Since European invasion, mining has significantly contributed to the environmental dispossession and displacement of Indigenous people from their land. The Australian government and mining corporations have repeatedly sought Indigenous land for the expanding mining industry. An industry that generates an extensive amount of economic revenue. In a study of mining in Australia, relative to Indigenous communities and land, academic Dr. Benedict Scambary found that decision-making regarding mines, their location and their potential approval, consistently favoured ‘mainstream economic development’ for the government or mining corporation, at the expense of Indigenous communities. This prioritisation of economic gain demonstrates an existence of ‘colonial capitalism’, tied to a racialised, Eurocentric ideal of economic and industrial growth, progress and development that reproduces colonial power relations. When predicated on a desire to continuously expand colonial industries, this ideal becomes a controlling force that structurally and systematically subjugates Indigenous peoples, their land and their rights. Under this logic, environmental displacement and dispossession of Indigenous communities from mining is seemingly justified and rationalised, in the name of profit and economic gain.

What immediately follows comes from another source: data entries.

(* Let $H=([n],E)$ be a hypergraph. Then $\Delta_H$ is connected if and only if for every pair of edges $F,F'\in E$ there is a sequence of edges $F=F_1,F_2,\dots,F_r=F'$ such that for each $1\le i\le r-1$, $F_i\cup F_{i+1}\ne[n]$ or $F_i\cap F_{i+1}=\emptyset$.
   Context: A hypergraph $H=([n],E)$ has edges that are nonempty subsets of $[n]$; standing assumptions: every vertex in some edge, no edge of size 1, no edge properly contained in another. The coloring complex $\Delta_H$ is the abstract simplicial complex whose vertices are the nonempty proper subsets of $[n]$ and whose faces are the chains $\emptyset\neq A_1\subsetneq\cdots\subsetneq A_l\neq[n]$ ($l\ge0$) such that, with $A_0=\emptyset$, $A_{l+1}=[n]$, some difference $A_i\setminus A_{i-1}$ ($1\le i\le l+1$) contains an edge of $H$. *)

theory Defs
  imports Main
begin

definition hypergraph :: "nat \<Rightarrow> nat set set \<Rightarrow> bool" where
  "hypergraph n E \<longleftrightarrow>
     (\<forall>F\<in>E. F \<noteq> {} \<and> F \<subseteq> {1..n}) \<and>
     (\<forall>v\<in>{1..n}. \<exists>F\<in>E. v \<in> F) \<and>
     (\<forall>F\<in>E. card F \<noteq> 1) \<and>
     (\<forall>F\<in>E. \<forall>G\<in>E. \<not> F \<subset> G)"

text \<open>Faces of the coloring complex: finite chains of nonempty proper subsets of [n]
(a chain is represented by the set of its members), such that, after adjoining
the empty set at the bottom and [n] at the top, some difference of two consecutive
members contains an edge of H.\<close>
definition coloring_face :: "nat \<Rightarrow> nat set set \<Rightarrow> nat set set \<Rightarrow> bool" where
  "coloring_face n E \<sigma> \<longleftrightarrow>
     finite \<sigma> \<and>
     (\<forall>A\<in>\<sigma>. A \<noteq> {} \<and> A \<subset> {1..n}) \<and>
     (\<forall>A\<in>\<sigma>. \<forall>B\<in>\<sigma>. A \<subseteq> B \<or> B \<subseteq> A) \<and>
     (\<exists>B\<in>\<sigma> \<union> {{}, {1..n}}. \<exists>C\<in>\<sigma> \<union> {{}, {1..n}}.
        B \<subset> C \<and> \<not> (\<exists>D\<in>\<sigma>. B \<subset> D \<and> D \<subset> C) \<and>
        (\<exists>F\<in>E. F \<subseteq> C - B))"

definition coloring_complex :: "nat \<Rightarrow> nat set set \<Rightarrow> nat set set set" where
  "coloring_complex n E = {\<sigma>. coloring_face n E \<sigma>}"

definition complex_connected :: "'a set set \<Rightarrow> bool" where
  "complex_connected \<Delta> \<longleftrightarrow>
     (\<forall>u v. {u} \<in> \<Delta> \<longrightarrow> {v} \<in> \<Delta> \<longrightarrow> (\<lambda>x y. {x, y} \<in> \<Delta>)\<^sup>*\<^sup>* u v)"

end

theory Submission
  imports Defs
begin

(* Call an edge F compatible with a set A if F is contained in A or disjoint from it.  The
   faces of the coloring complex are precisely the chains of nonempty proper subsets of [n]
   admitting an edge compatible with all members; in particular the vertices are the
   nonempty proper subsets with a compatible edge.  Let the edge graph join two edges whose
   union is not [n] or which are disjoint; the claim is that the complex is connected iff
   the edge graph is.
   - If the complex is connected, a path between vertices yields an edge path, because two
     edges compatible with a common vertex are adjacent and each 1-face has an edge
     compatible with both ends.
   - If the edge graph is connected, then (unless the complex has no vertices) every edge
     misses at least two vertices of [n]; such an edge is linked in the 1-skeleton to every
     compatible vertex and to every adjacent edge, which links any two vertices. *)

lemma rtranclp_iff_walk:
  "R\<^sup>*\<^sup>* a b \<longleftrightarrow> (\<exists>xs. xs \<noteq> [] \<and> hd xs = a \<and> last xs = b \<and> successively R xs)"
proof
  assume "R\<^sup>*\<^sup>* a b"
  then show "\<exists>xs. xs \<noteq> [] \<and> hd xs = a \<and> last xs = b \<and> successively R xs"
  proof (induction rule: converse_rtranclp_induct)
    case base
    show ?case by (intro exI[of _ "[b]"]) simp
  next
    case (step a y)
    then obtain xs where "xs \<noteq> []" "hd xs = y" "last xs = b" "successively R xs" by blast
    with step.hyps(1) show ?case by (intro exI[of _ "a # xs"]) (simp add: successively_Cons)
  qed
next
  assume "\<exists>xs. xs \<noteq> [] \<and> hd xs = a \<and> last xs = b \<and> successively R xs"
  then obtain xs where "xs \<noteq> []" "hd xs = a" "last xs = b" "successively R xs" by blast
  then show "R\<^sup>*\<^sup>* a b"
  proof (induction xs arbitrary: a)
    case Nil
    then show ?case by simp
  next
    case (Cons x xs)
    show ?case
    proof (cases "xs = []")
      case True
      with Cons.prems show ?thesis by simp
    next
      case False
      with Cons.prems have step: "R a (hd xs)" and walk: "successively R xs"
        by (auto simp: successively_Cons)
      have "R\<^sup>*\<^sup>* (hd xs) b" using Cons.IH False Cons.prems(3) walk by simp
      with step show ?thesis by (rule converse_rtranclp_into_rtranclp)
    qed
  qed
qed

lemma successively_within:
  assumes "xs \<noteq> []" "hd xs \<in> S"
  shows "successively (\<lambda>x y. x \<in> S \<and> y \<in> S \<and> P x y) xs \<longleftrightarrow> set xs \<subseteq> S \<and> successively P xs"
  using assms by (induction xs rule: induct_list012) auto

lemma hypergraph_edge:
  assumes "hypergraph n E" "F \<in> E"
  shows "F \<noteq> {}" "F \<subseteq> {1..n}"
  using assms unfolding hypergraph_def by auto

lemma hypergraph_cover:
  assumes "hypergraph n E" "v \<in> {1..n}"
  obtains F where "F \<in> E" "v \<in> F"
  using assms unfolding hypergraph_def by blast

lemma hypergraph_no_singleton_edge:
  assumes "hypergraph n E" "F \<in> E"
  shows "F \<noteq> {v}"
  using assms unfolding hypergraph_def by fastforce

lemma hypergraph_antichain:
  assumes "hypergraph n E" "F \<in> E" "G \<in> E" "F \<subseteq> G"
  shows "F = G"
  using assms unfolding hypergraph_def by blast

(* An edge F is compatible with a set A if A does not cut F: it contains F or misses it.
   The faces of the coloring complex are exactly the chains having a compatible edge. *)
definition compatible :: "'a set \<Rightarrow> 'a set \<Rightarrow> bool" where
  "compatible F A \<longleftrightarrow> F \<subseteq> A \<or> F \<inter> A = {}"

lemma coloring_faceD:
  assumes "coloring_face n E \<sigma>"
  shows "\<forall>A\<in>\<sigma>. A \<noteq> {} \<and> A \<subset> {1..n}" "\<forall>A\<in>\<sigma>. \<forall>B\<in>\<sigma>. A \<subseteq> B \<or> B \<subseteq> A"
  using assms unfolding coloring_face_def by simp_all

lemma coloring_face_gapE:
  assumes "coloring_face n E \<sigma>"
  obtains B C F where "B \<in> \<sigma> \<union> {{}, {1..n}}" "C \<in> \<sigma> \<union> {{}, {1..n}}" "B \<subset> C"
    "\<not> (\<exists>D\<in>\<sigma>. B \<subset> D \<and> D \<subset> C)" "F \<in> E" "F \<subseteq> C - B"
proof -
  from assms have "\<exists>B\<in>\<sigma> \<union> {{}, {1..n}}. \<exists>C\<in>\<sigma> \<union> {{}, {1..n}}.
        B \<subset> C \<and> \<not> (\<exists>D\<in>\<sigma>. B \<subset> D \<and> D \<subset> C) \<and> (\<exists>F\<in>E. F \<subseteq> C - B)"
    unfolding coloring_face_def by (elim conjE)
  then show ?thesis by (elim bexE conjE) (rule that; assumption)
qed

(* Every face has an edge compatible with all of its members: the edge lying in a gap
   C - B between consecutive members is not cut by any member, as none lies strictly
   between B and C. *)
lemma face_compatible_edge:
  assumes "coloring_face n E \<sigma>"
  obtains F where "F \<in> E" "\<forall>A\<in>\<sigma>. compatible F A"
proof -
  obtain B C F where B: "B \<in> \<sigma> \<union> {{}, {1..n}}" and C: "C \<in> \<sigma> \<union> {{}, {1..n}}"
    and gap: "\<not> (\<exists>D\<in>\<sigma>. B \<subset> D \<and> D \<subset> C)" and F: "F \<in> E" "F \<subseteq> C - B"
    using coloring_face_gapE[OF assms] by metis
  have "compatible F A" if A: "A \<in> \<sigma>" for A
  proof -
    have "A \<subseteq> {1..n}" "\<forall>A'\<in>\<sigma>. A \<subseteq> A' \<or> A' \<subseteq> A"
      using coloring_faceD[OF assms] A by auto
    with B C have "A \<subseteq> B \<or> B \<subset> A" "C \<subseteq> A \<or> A \<subset> C" by auto
    then consider "A \<subseteq> B" | "C \<subseteq> A" | "B \<subset> A" "A \<subset> C" by blast
    then show ?thesis
    proof cases
      case 1 with F(2) show ?thesis unfolding compatible_def by blast
    next
      case 2 with F(2) show ?thesis unfolding compatible_def by blast
    next
      case 3 with gap A show ?thesis by blast
    qed
  qed
  with F(1) that show ?thesis by blast
qed

(* Conversely, a finite chain with a compatible edge F is a face: the gap is formed by the
   largest member B (or the empty set) missing F and the smallest member C (or [n])
   containing F; a member strictly between them would have to cut F. *)
lemma compatible_chain_face:
  assumes H: "hypergraph n E" and fin: "finite \<sigma>"
    and proper: "\<forall>A\<in>\<sigma>. A \<noteq> {} \<and> A \<subset> {1..n}"
    and chain: "\<forall>A\<in>\<sigma>. \<forall>B\<in>\<sigma>. A \<subseteq> B \<or> B \<subseteq> A"
    and F: "F \<in> E" "\<forall>A\<in>\<sigma>. compatible F A"
  shows "coloring_face n E \<sigma>"
proof -
  define \<tau> where "\<tau> = \<sigma> \<union> {{}, {1..n}}"
  have F_ne: "F \<noteq> {}" and F_sub: "F \<subseteq> {1..n}" using hypergraph_edge[OF H F(1)] by auto
  have \<tau>_fin: "finite \<tau>" using fin by (simp add: \<tau>_def)
  have \<tau>_chain: "subset.chain UNIV \<tau>'" if "\<tau>' \<subseteq> \<tau>" for \<tau>'
  proof -
    have "\<forall>A\<in>\<tau>. \<forall>B\<in>\<tau>. A \<subseteq> B \<or> B \<subseteq> A"
      using chain proper unfolding \<tau>_def by auto
    with that show ?thesis unfolding subset_chain_def by blast
  qed
  define B where "B = \<Union>{A\<in>\<tau>. F \<inter> A = {}}"
  define C where "C = \<Inter>{A\<in>\<tau>. F \<subseteq> A}"
  have "B \<in> {A\<in>\<tau>. F \<inter> A = {}}"
    unfolding B_def
  proof (rule Union_in_chain)
    show "finite {A\<in>\<tau>. F \<inter> A = {}}" using \<tau>_fin by simp
    show "{A\<in>\<tau>. F \<inter> A = {}} \<noteq> {}" unfolding \<tau>_def by blast
    show "subset.chain UNIV {A\<in>\<tau>. F \<inter> A = {}}" by (rule \<tau>_chain) blast
  qed
  then have B: "B \<in> \<tau>" "F \<inter> B = {}" by auto
  have "C \<in> {A\<in>\<tau>. F \<subseteq> A}"
    unfolding C_def
  proof (rule Inter_in_chain)
    show "finite {A\<in>\<tau>. F \<subseteq> A}" using \<tau>_fin by simp
    show "{A\<in>\<tau>. F \<subseteq> A} \<noteq> {}" using F_sub unfolding \<tau>_def by blast
    show "subset.chain UNIV {A\<in>\<tau>. F \<subseteq> A}" by (rule \<tau>_chain) blast
  qed
  then have C: "C \<in> \<tau>" "F \<subseteq> C" by auto
  have "B \<subseteq> C \<or> C \<subseteq> B"
    using \<tau>_chain[of "{B, C}"] B(1) C(1) unfolding subset_chain_def by auto
  with B(2) C(2) F_ne have BC: "B \<subset> C" by blast
  have gap: "\<not> (\<exists>D\<in>\<sigma>. B \<subset> D \<and> D \<subset> C)"
  proof
    assume "\<exists>D\<in>\<sigma>. B \<subset> D \<and> D \<subset> C"
    then obtain D where D: "D \<in> \<sigma>" "B \<subset> D" "D \<subset> C" by blast
    have "D \<in> \<tau>" using D(1) by (simp add: \<tau>_def)
    moreover have "F \<subseteq> D \<or> F \<inter> D = {}" using F(2) D(1) unfolding compatible_def by blast
    ultimately have "C \<subseteq> D \<or> D \<subseteq> B" unfolding B_def C_def by blast
    with D show False by blast
  qed
  have "F \<subseteq> C - B" using B(2) C(2) by blast
  with B(1) C(1) BC gap F(1) have "\<exists>B\<in>\<tau>. \<exists>C\<in>\<tau>. B \<subset> C \<and> \<not> (\<exists>D\<in>\<sigma>. B \<subset> D \<and> D \<subset> C) \<and> (\<exists>F\<in>E. F \<subseteq> C - B)"
    by blast
  with fin proper chain show ?thesis unfolding coloring_face_def \<tau>_def by (intro conjI)
qed

lemma vertex_face_iff:
  assumes H: "hypergraph n E"
  shows "{A} \<in> coloring_complex n E \<longleftrightarrow> A \<noteq> {} \<and> A \<subset> {1..n} \<and> (\<exists>F\<in>E. compatible F A)"
proof
  assume "{A} \<in> coloring_complex n E"
  then have face: "coloring_face n E {A}" by (simp add: coloring_complex_def)
  obtain F where "F \<in> E" "\<forall>X\<in>{A}. compatible F X" by (rule face_compatible_edge[OF face])
  with coloring_faceD(1)[OF face] show "A \<noteq> {} \<and> A \<subset> {1..n} \<and> (\<exists>F\<in>E. compatible F A)" by blast
next
  assume "A \<noteq> {} \<and> A \<subset> {1..n} \<and> (\<exists>F\<in>E. compatible F A)"
  then obtain F where "A \<noteq> {}" "A \<subset> {1..n}" "F \<in> E" "compatible F A" by blast
  then have "coloring_face n E {A}" by (intro compatible_chain_face[OF H]) auto
  then show "{A} \<in> coloring_complex n E" by (simp add: coloring_complex_def)
qed

lemma edge_face:
  assumes H: "hypergraph n E" and A: "A \<noteq> {}" "A \<subseteq> B" and B: "B \<subset> {1..n}"
    and F: "F \<in> E" "compatible F A" "compatible F B"
  shows "{A, B} \<in> coloring_complex n E"
proof -
  have "coloring_face n E {A, B}" using A B F by (intro compatible_chain_face[OF H]) auto
  then show ?thesis by (simp add: coloring_complex_def)
qed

There are a myriad of mines in Australia that exemplify the structural environmental displacement and dispossession of Indigenous communities. Mines in New South Wales, Queensland and Western Australia will all destroy the land occupied by Indigenous groups for thousands of years. This destruction of Indigenous land cannot occur without legislative support and approval from government. Coal mining is particularly complicated by its measurable exacerbation of climate change. Indigenous Australians are particularly vulnerable to climate change due to existing social and economic disadvantage and their strong dependence on land for food, health and culture. Therefore, their environmental displacement and dispossession becomes the result of two causes; initial, direct displacement and dispossession from land that will be mined, and gradual displacement and dispossession from land that becomes progressively uninhabitable due to the negative effects of climate change.


The mentality and belief that Indigenous people, their land and their rights can be justifiably subordinated in the name of economic growth is entrenched in the psyche of settler-colonial Australia. It has cultivated and sustained seemingly justifiable and permissible structural violence towards Indigenous people, that manifests as the environmental displacement and dispossession of these communities. Under this mentality, economic growth is desirable, yet the protection of Indigenous communities is impermissible as it stands as an obstacle to the sustainment of the mining industry. They are mutually exclusive.